R is an extraordinarily powerful language with a vast community of great resources, but where should you start when all you want to do is get your data into a usable format? How do you know your data might be ready? What are the pitfalls you should watch for so that you don’t perform an analysis on bad data? This course will teach you from start to finish how to get your data into R efficiently and polish it up so that it is as good as it can be. This will let you or your team focus after this step on the statistical modeling, visualization, reporting, sharing, or any other post-processing task you wish to perform. Confidence, reliability, and reproducibility in your data acquisition and preparation are the kingpins to being able to maximize your data’s value. This course uses a variety of real-world data sets that contain real-world data quality, formatting, and other issues. It will ensure that you understand not just the R syntax to perform a task, but also sources of quality issues, how to recognize hidden data problems, and the benefits and adverse effects of the most common data manipulations. This course will give you real experience in the art and science of data preparation that you can take to your next real project forward with confidence. The capstone project utilizes open agricultural industry data in preparation for a future statistical analysis of the products and brands of the companies.
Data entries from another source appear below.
(* For all integers $k,d\ge1$ with $k\le 2d$, we have $\theta^{\rm D}(k+1,d+1)\ge\theta^{\rm D}(k,d)$.
   Context: For integers $d\ge1$ and $1\le k\le 2d$, the directed $k$-neighbor graph ($k$-DnG) on $\mathbb{Z}^d$ is the random directed graph obtained by letting each vertex $x\in\mathbb{Z}^d$, independently of all other vertices, choose a uniformly random subset of exactly $k$ of its $2d$ nearest neighbors (in $\ell_1$-distance), and placing a directed edge from $x$ to each chosen neighbor. We write $\theta^{\rm D}(k,d)=\mathbb{P}(o\rightsquigarrow\infty \text{ in the $k$-DnG on }\mathbb{Z}^d)$, where $o$ is the origin and $o\rightsquigarrow\infty$ is the event that there is an infinite self-avoiding directed path along edges of the $k$-DnG starting at $o$. *)

theory Defs
  imports "HOL-Probability.Probability"
begin

definition lattice :: "nat \<Rightarrow> int list set" where
  "lattice d = {x. length x = d}"

definition origin :: "nat \<Rightarrow> int list" where
  "origin d = replicate d 0"

text \<open>The 2d nearest-neighbour directions: (i, True) means +e_i, (i, False) means -e_i.\<close>
definition dirs :: "nat \<Rightarrow> (nat \<times> bool) set" where
  "dirs d = {..<d} \<times> UNIV"

definition step :: "int list \<Rightarrow> nat \<times> bool \<Rightarrow> int list" where
  "step x v = x[fst v := x ! fst v + (if snd v then 1 else -1)]"

definition choice_pmf :: "nat \<Rightarrow> nat \<Rightarrow> (nat \<times> bool) set pmf" where
  "choice_pmf k d = pmf_of_set {S. S \<subseteq> dirs d \<and> card S = k}"

definition DnG :: "nat \<Rightarrow> nat \<Rightarrow> (int list \<Rightarrow> (nat \<times> bool) set) measure" where
  "DnG k d = (\<Pi>\<^sub>M x\<in>lattice d. measure_pmf (choice_pmf k d))"

definition reaches_infinity :: "nat \<Rightarrow> (int list \<Rightarrow> (nat \<times> bool) set) \<Rightarrow> bool" where
  "reaches_infinity d \<omega> \<longleftrightarrow>
     (\<exists>p :: nat \<Rightarrow> int list. p 0 = origin d \<and> inj p \<and>
        (\<forall>n. \<exists>v \<in> \<omega> (p n). p (Suc n) = step (p n) v))"

definition thetaD :: "nat \<Rightarrow> nat \<Rightarrow> real" where
  "thetaD k d = measure (DnG k d) {\<omega> \<in> space (DnG k d). reaches_infinity d \<omega>}"

end

(* Explore the k-DnG on Z^d and the (k+1)-DnG on Z^(d+1) together from the origin, revealing
   the random choice at one vertex at a time. Every reachable vertex y of Z^d is mirrored by a
   reachable vertex (y, L y) of Z^(d+1) above it. The (k+1)-set revealed at (y, L y) either
   contains both vertical directions, and then (y, L y + 1) is reachable as well while y stays
   unrevealed, or it contains k horizontal directions. In the second case a uniformly chosen
   k-subset of the horizontal part is a uniform k-set, so the steps taken from y can be copied
   by its mirror. By induction on the number of unrevealed vertices of a finite l1-ball, the
   (k+1)-DnG on Z^(d+1) reaches l1-distance n at least as likely as the k-DnG on Z^d; letting n
   tend to infinity (continuity from above and Koenig's lemma) gives the claim. *)

theory Submission
  imports Defs "HOL-Library.Transitive_Closure_Table"
begin

definition l1_norm :: "int list \<Rightarrow> int" where
  "l1_norm x = sum_list (map abs x)"

definition l1_ball :: "nat \<Rightarrow> nat \<Rightarrow> int list set" where
  "l1_ball d n = {x. length x = d \<and> l1_norm x < int n}"

lemma length_step [simp]: "length (step x v) = length x"
  by (simp add: step_def)

lemma step_beyond: "length x \<le> fst v \<Longrightarrow> step x v = x"
  by (simp add: step_def list_update_beyond)

lemma step_snoc: "fst v < length y \<Longrightarrow> step (y @ [h]) v = step y v @ [h]"
  by (simp add: step_def list_update_append1 nth_append)

lemma step_snoc_up: "step (y @ [h]) (length y, True) = y @ [h + 1]"
  by (simp add: step_def list_update_append)

lemma length_origin [simp]: "length (origin d) = d"
  by (simp add: origin_def)

lemma origin_Suc: "origin (Suc d) = origin d @ [0]"
  by (simp add: origin_def replicate_append_same[symmetric])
Like a real project, the project goals and background are provided but the step-by-step data preparation is not given - the course will have provided the methods and insights needed to prepare this data for future statistical analysis! The capstone project is reviewed by the instructor and feedback is individually provided to each student in the course along with a full project solution.
What am I going to get from this course?
- Understand the R syntax to perform a task
- Identify sources of quality issues
- Recognize hidden data problems
- Understand benefits/detriments of the most common data manipulations
- Prepare a real-world dataset for future statistical analysis and utilize the capstone project as a portfolio piece.